As of June 30, 2020, $14.7 million was outstanding under the Term Loan, with an additional $1.9 million payable at the conclusion of the Term Loan. We had less than $0.1 million of debt issuance costs outstanding as of June 30, 2020, which are being accreted to interest expense over the life of the Term Loan using an effective interest rate of 8.98%. The exit fees are being accrued over the life of the Term Loan through interest expense.
As of June 30, 2020, future principal payments for the Term Loan due under the Loan Agreement are as follows (in thousands):
2020$—  
20219,035  
20225,646  
$14,681  

Paycheck Protection Program Loan
On April 23, 2020, we received the proceeds from the PPP Loan in the amount of approximately $0.7 million from Silicon Valley Bank, as lender, pursuant to the PPP of the CARES Act. The PPP Loan matures on April 23, 2022 and bears interest at a rate of 1.0% per annum. The PPP Loan is evidenced by a promissory note dated April 23, 2020, which contains customary events of default relating to, among other things, payment defaults and breaches of representations and warranties. The PPP Loan may be prepaid by us at any time prior to maturity with no prepayment penalties.

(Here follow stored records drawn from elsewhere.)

lemma cycle_or_pendant_realization_add_triangle:
  assumes fin: "finite V" and xy: "x \<in> V" "y \<in> V" "x \<noteq> y" "d x = 2" "d y = 2"
    and w: "w \<in> V" "4 \<le> d w" and G: "cycle_or_pendant_graph (V - {x, y}) E"
    and degs: "\<forall>v\<in>V - {x, y}. deg E v = (d(w := d w - 2)) v"
  shows "\<exists>E. cycle_or_pendant_graph V E \<and> (\<forall>v\<in>V. deg E v = d v)"
proof -
  have wV: "w \<in> V - {x, y}" using w xy by auto
  then have wE: "w \<in> V - {x, y}" "2 \<le> deg E w" using degs w(2) by auto
  note triangle = cycle_or_pendant_graph_add_triangle[OF _ G wE, of x y]
  have "V - {x, y} \<union> {x, y} = V" using xy by blast
  moreover have "\<forall>v\<in>V. deg (E \<union> cycle_edges [w, x, y]) v = d v"
    using triangle(2) degs fin xy w(2) by auto
  ultimately show ?thesis using triangle(1) fin xy by auto
qed

text \<open>Induction on the number of vertices: remove a leaf together with one unit of degree from
  a vertex of degree at least three, or two vertices of degree two together with two units from a
  vertex of degree at least four, and reattach them as a pendant edge or a triangle. If neither
  is possible, all degrees are two and a single cycle realizes them.\<close>
lemma core_cactus_admissible_imp_realization:
  assumes "core_cactus_admissible V d"
  shows "\<exists>E. cycle_or_pendant_graph V E \<and> (\<forall>v\<in>V. deg E v = d v)"
  using assms
proof (induction "card V" arbitrary: V d rule: less_induct)
  case less
  note adm = less.prems
  have fin: "finite V" using adm unfolding core_cactus_admissible_def by blast
  consider (leaf) x where "x \<in> V" "d x = 1" | (cycle) "\<forall>v\<in>V. d v = 2"
    | (triangle) w where "\<forall>v\<in>V. d v \<noteq> 1" "w \<in> V" "d w \<noteq> 2" by blast
  then show ?case
  proof cases
    case (leaf x)
    obtain w where w: "w \<in> V" "3 \<le> d w" "odd (d w) \<or> {v \<in> V. odd (d v) \<and> 1 < d v} = {}"
      using core_cactus_admissible_leaf_anchor[OF adm leaf] .
    have "core_cactus_admissible (V - {x}) (d(w := d w - 1))"
      using core_cactus_admissible_remove_leaf[OF adm leaf w] .
    moreover have "card (V - {x}) < card V" using card_Diff1_less[OF fin leaf(1)] .
    ultimately show ?thesis
      using less.hyps cycle_or_pendant_realization_add_pendant[OF fin leaf w(1,2)] by blast
  next
    case cycle
    have "{v \<in> V. d v = 1} = {}" using cycle by auto
    then have "3 \<le> card V"
      using adm cycle unfolding core_cactus_admissible_def by simp
    moreover define vs where "vs = sorted_list_of_set V"
    ultimately have vs: "distinct vs" "set vs = V" "3 \<le> length vs" using fin by auto
    show ?thesis
      using cycle_or_pendant_graph_cycle[OF vs(1,3)] deg_cycle_edges[OF vs(1,3)] vs(2) cycle by auto
  next
    case (triangle w)
    have w4: "4 \<le> d w"
      using core_cactus_admissible_no_leaf_even[OF adm triangle(1,2)] triangle(3) by presburger
    obtain x y where xy: "x \<in> V" "y \<in> V" "x \<noteq> y" "d x = 2" "d y = 2"
      using core_cactus_admissible_triangle_vertices[OF adm triangle(1)] .
    have "core_cactus_admissible (V - {x, y}) (d(w := d w - 2))"
      using core_cactus_admissible_remove_triangle[OF adm triangle(1) xy triangle(2) w4] .
    moreover have "card (V - {x, y}) < card V"
      unfolding Diff_insert2[of V x "{y}"] using card_Diff2_less[OF fin xy(1,2)] .
    ultimately show ?thesis
      using less.hyps cycle_or_pendant_realization_add_triangle[OF fin xy triangle(2) w4] by blast
  qed
qed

All or a portion of the PPP Loan may be forgiven by the SBA upon our application and upon documentation of expenditures in accordance with the SBA requirements. Under the CARES Act, loan forgiveness is available for the sum of documented payroll costs, covered mortgage interest, covered rent payments and covered utilities during the 24 week period beginning on the date of loan disbursement. For purposes of the CARES Act, payroll costs exclude compensation of an individual employee in excess of $100,000, annualized, prorated for the covered period. Not more than 40% of the forgiven amount may be for non-payroll costs. Forgiveness is reduced if full-time headcount declines during the covered period as compared to specified reference periods, or if salaries and wages for employees with salaries of $100,000 or less annually are reduced by more than 25%. In the event the PPP Loan, or any portion thereof, is forgiven pursuant to the PPP, the amount forgiven is applied to outstanding principal and includes accrued interest.

We intend to use all proceeds from the PPP Loan to retain employees, maintain payroll and make lease and utility payments.